这是谷雨节气,雨生百谷,故曰谷雨。大地上的草木已经渐次醒来,就连我家门前的那株老枣树,皴裂的树皮上也萌发出婴孩眼神般清澈的嫩芽。在学校,那首古老的诗歌已经背得烂熟,“春眠不觉晓,处处闻啼鸟。”二皮淘气,新来的梅子老师粉笔刷的一声砸了过来,说,二皮,你刚才念的什么?二皮摇头晃脑念:春眠不觉晓,处处蚊子咬。教室里顿时乱成一锅粥。梅子老师脸上飞起红晕,一跺脚,去找校长告状。
离学校不远,有一片老场,麦秸垛一个连着一个,麦草有着旧时光的暗黄。过不了多久,这些暗黄的麦秸垛就会消失,取而代之的是新轧的麦秸,刀刃般折射明亮的日光。
脱去了束缚的棉衣,每个人都像从森林里钻出来的野猴子,哧溜一声爬上一株大桑树。桑树上有鹧鸪的鸟巢,咕咕,咕咕,树枝摇晃,也舍不得飞走。二皮上去查看,厚厚的麦草里有几只鸟蛋。我们不惦记鸟蛋,桑葚才是可口的美味。这是一株结白色桑葚的桑树,过了许多年,走了很多地方,再没有见过这样一类树种,有时我想,记忆中所有的物事大概都是前世安排好了,只能遇见一次;再想起,早已化作往日烟云。
你可以想象这样的画面,一株粗大的桑树上结满白色的桑葚,莹润,饱满,像一颗颗通灵宝玉。柔韧的枝条上爬满孩子的笑声,有的躺卧在树杈上,吃饱了小憩;有的爬上最高的枝头,指着一座破旧的院落——那就是我家;有的在低矮处倒挂金钩,以此吸引小女孩儿的渴求、热烈的目光——树根哥,求你,帮我摇那根桑葚最稠密的枝条。光影斑驳,那些一哄而散的孩子如今都去向何方,老桑树寂寞,终于在某天被一场风暴连根拔起,一个村庄都听见轰然倒下的声音。
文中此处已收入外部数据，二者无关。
section \<open>Besov energy controls the BMO norm\<close>

lemma Bp_energy_pair:
  assumes [measurable]: "f \<in> borel_measurable lborel"
  shows "Bp_energy p f = (\<integral>\<^sup>+ z. ennreal (cmod (f (fst z) - f (snd z)) powr p / \<bar>fst z - snd z\<bar>\<^sup>2)
    \<partial>(lborel \<Otimes>\<^sub>M lborel))"
  unfolding Bp_energy_def by (subst lborel.nn_integral_fst[symmetric]) auto

lemma double_integral_diff_powr_le:
  fixes f :: "real \<Rightarrow> complex"
  assumes [measurable]: "f \<in> borel_measurable lborel"
  shows "(\<integral>\<^sup>+ t\<in>{a<..<b}. (\<integral>\<^sup>+ s\<in>{a<..<b}. ennreal (cmod (f t - f s) powr p) \<partial>lborel) \<partial>lborel)
    \<le> ennreal ((b - a)\<^sup>2) * Bp_energy p f"
proof -
  have pointwise: "ennreal (cmod (f t - f s) powr p) * indicator {a<..<b} s * indicator {a<..<b} t
      \<le> ennreal ((b - a)\<^sup>2) * ennreal (cmod (f t - f s) powr p / \<bar>t - s\<bar>\<^sup>2)" for t s
  proof (cases "t \<in> {a<..<b} \<and> s \<in> {a<..<b} \<and> t \<noteq> s")
    case True
    then have "\<bar>t - s\<bar> \<le> b - a" "t \<noteq> s" by auto
    then have "\<bar>t - s\<bar>\<^sup>2 \<le> (b - a)\<^sup>2" "0 < \<bar>t - s\<bar>\<^sup>2"
      by (metis abs_ge_zero power_mono, simp)
    then have "cmod (f t - f s) powr p \<le> (b - a)\<^sup>2 * (cmod (f t - f s) powr p / \<bar>t - s\<bar>\<^sup>2)"
      by (simp add: field_simps mult_right_mono)
    then show ?thesis using True by (simp add: ennreal_mult[symmetric])
  qed (auto split: split_indicator)
  have "(\<integral>\<^sup>+ t\<in>{a<..<b}. (\<integral>\<^sup>+ s\<in>{a<..<b}. ennreal (cmod (f t - f s) powr p) \<partial>lborel) \<partial>lborel)
      = (\<integral>\<^sup>+ t. (\<integral>\<^sup>+ s.
          ennreal (cmod (f t - f s) powr p) * indicator {a<..<b} s * indicator {a<..<b} t
          \<partial>lborel) \<partial>lborel)"
    by (simp add: nn_integral_multc)
  also have "\<dots> \<le> (\<integral>\<^sup>+ t. (\<integral>\<^sup>+ s. ennreal ((b - a)\<^sup>2) * ennreal (cmod (f t - f s) powr p / \<bar>t - s\<bar>\<^sup>2)
      \<partial>lborel) \<partial>lborel)"
    by (intro nn_integral_mono pointwise)
  also have "\<dots> = ennreal ((b - a)\<^sup>2) * Bp_energy p f"
    unfolding Bp_energy_def by (simp add: nn_integral_cmult)
  finally show ?thesis .
qed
田野里的麦子已经停止拔节,在由春而夏的季节转换中终于停下脚步。在接下来的日子,抽穗,开花,灌浆,完成生命的又一个轮回。这时候太需要一场雨了,龟裂的泥土露出麦子纤细的根须。却无端飘起一场浩荡的“雪”,柳絮,杨花,在朗日的照耀下成熟,脱离母体。钻进木根爷家山羊的鼻孔里,连着打了几个喷嚏,眼神中充满质疑——明明是春天了呀,哪来的一场雪。沾染在姑娘的睫毛上,揉了揉眼睛,却冷不防自行车撞上了前面的行人,刚要说声对不起,才发现是去年冬天刚刚介绍的男朋友,羞红了脸,任由那青年喊,急匆匆骑着车子离去。
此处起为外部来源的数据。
definition compound_pmf :: "nat pmf \<Rightarrow> nat pmf \<Rightarrow> nat pmf" where
  "compound_pmf p q = bind_pmf p (\<lambda>c. map_pmf sum_list (iid_list c q))"

lemma nn_integral_power_sum_iid:
  assumes "0 \<le> s" "s \<le> 1"
  shows "(\<integral>\<^sup>+xs. ennreal (s ^ sum_list xs) \<partial>measure_pmf (iid_list c q)) = ennreal (pgf q s ^ c)"
proof (induction c)
  case (Suc c)
  have "(\<integral>\<^sup>+xs. ennreal (s ^ sum_list xs) \<partial>measure_pmf (iid_list (Suc c) q))
      = (\<integral>\<^sup>+x. ennreal (s ^ x) * ennreal (pgf q s ^ c) \<partial>measure_pmf q)"
    using assms Suc by (simp add: power_add ennreal_mult nn_integral_cmult)
  also have "\<dots> = ennreal (pgf q s ^ Suc c)"
    using pgf_nonneg[OF assms]
    by (simp add: nn_integral_multc nn_integral_power_pmf[OF assms] ennreal_mult[symmetric])
  finally show ?case .
qed simp

lemma pgf_compound:
  assumes "0 \<le> s" "s \<le> 1"
  shows "pgf (compound_pmf p q) s = pgf p (pgf q s)"
proof (rule pgf_eqI)
  have u: "0 \<le> pgf q s" "pgf q s \<le> 1" using assms by (auto intro: pgf_nonneg pgf_le_1)
  show "(\<integral>\<^sup>+k. ennreal (s ^ k) \<partial>measure_pmf (compound_pmf p q)) = ennreal (pgf p (pgf q s))"
    unfolding compound_pmf_def
    by (simp add: nn_integral_power_sum_iid[OF assms] nn_integral_power_pmf[OF u])
qed (use assms in \<open>auto intro: pgf_nonneg pgf_le_1\<close>)

lemma pgf_geometric:
  assumes "0 < p" "p \<le> 1" "0 \<le> s" "s \<le> 1"
  shows "pgf (geometric_pmf p) s = p / (1 - (1 - p) * s)"
proof -
  have "norm ((1 - p) * s) < 1"
    using assms mult_left_le[of s "1 - p"] by auto
  then have "(\<lambda>k. p * ((1 - p) * s) ^ k) sums (p * (1 / (1 - (1 - p) * s)))"
    by (intro sums_mult geometric_sums)
  then show ?thesis
    using assms unfolding pgf_def by (simp add: sums_iff power_mult_distrib mult_ac)
qed

lemma geom_plus_eq_map_Suc:
  assumes "0 < p" "p \<le> 1"
  shows "geom_plus p = map_pmf Suc (geometric_pmf p)"
proof -
  have "(\<lambda>k. if 1 \<le> k then p * (1 - p) ^ (k - 1) else 0) = pmf (map_pmf Suc (geometric_pmf p))"
  proof
    show "(if 1 \<le> k then p * (1 - p) ^ (k - 1) else 0) = pmf (map_pmf Suc (geometric_pmf p)) k" for k
      using assms by (cases k) (auto simp: pmf_map_inj' pmf_map_outside)
  qed
  then show ?thesis
    unfolding geom_plus_def by (simp add: type_definition.Rep_inverse[OF td_pmf_embed_pmf])
qed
清明停雪,谷雨停霜,这时的霜雪已经变幻为氤氲的地气。走在黄昏的暮色中,麦子上空像一层低矮的云层。蛰伏的虫儿们遵循早睡晚起的习惯,尚不能适应早晚较大的温差。古时对雨的称谓,不像现在小雨、中雨、大雨、暴雨的说法,简单粗暴,古人多有浪漫主义情怀,按照节气对应,以情感作为依托,将雨分为喜雨、德雨、及时雨、淫雨、孽雨,好像雨也是一个庞大的家族,家族里的兄弟性格各不相同,有的温顺如君子,有的狂躁似暴君。
下在谷雨的雨多为君子,龟裂的地皮像干咳的嘴唇在等待,雷神敲响鼓槌,风神震荡云层,雨神步态若有儒风,款款而至。
下雨了,一候萍始生,村东的池塘里漂浮着几朵小小的绿,那绿摇荡着,过不了多少日子就布满了水面,涉水的八脚蜘蛛停在上面休憩,出来舒活筋骨的青蛙从松尾芭蕉的俳句里一跃跳进池塘中,燕子低飞,在雨中寻觅捕捉扇动翅膀的小虫。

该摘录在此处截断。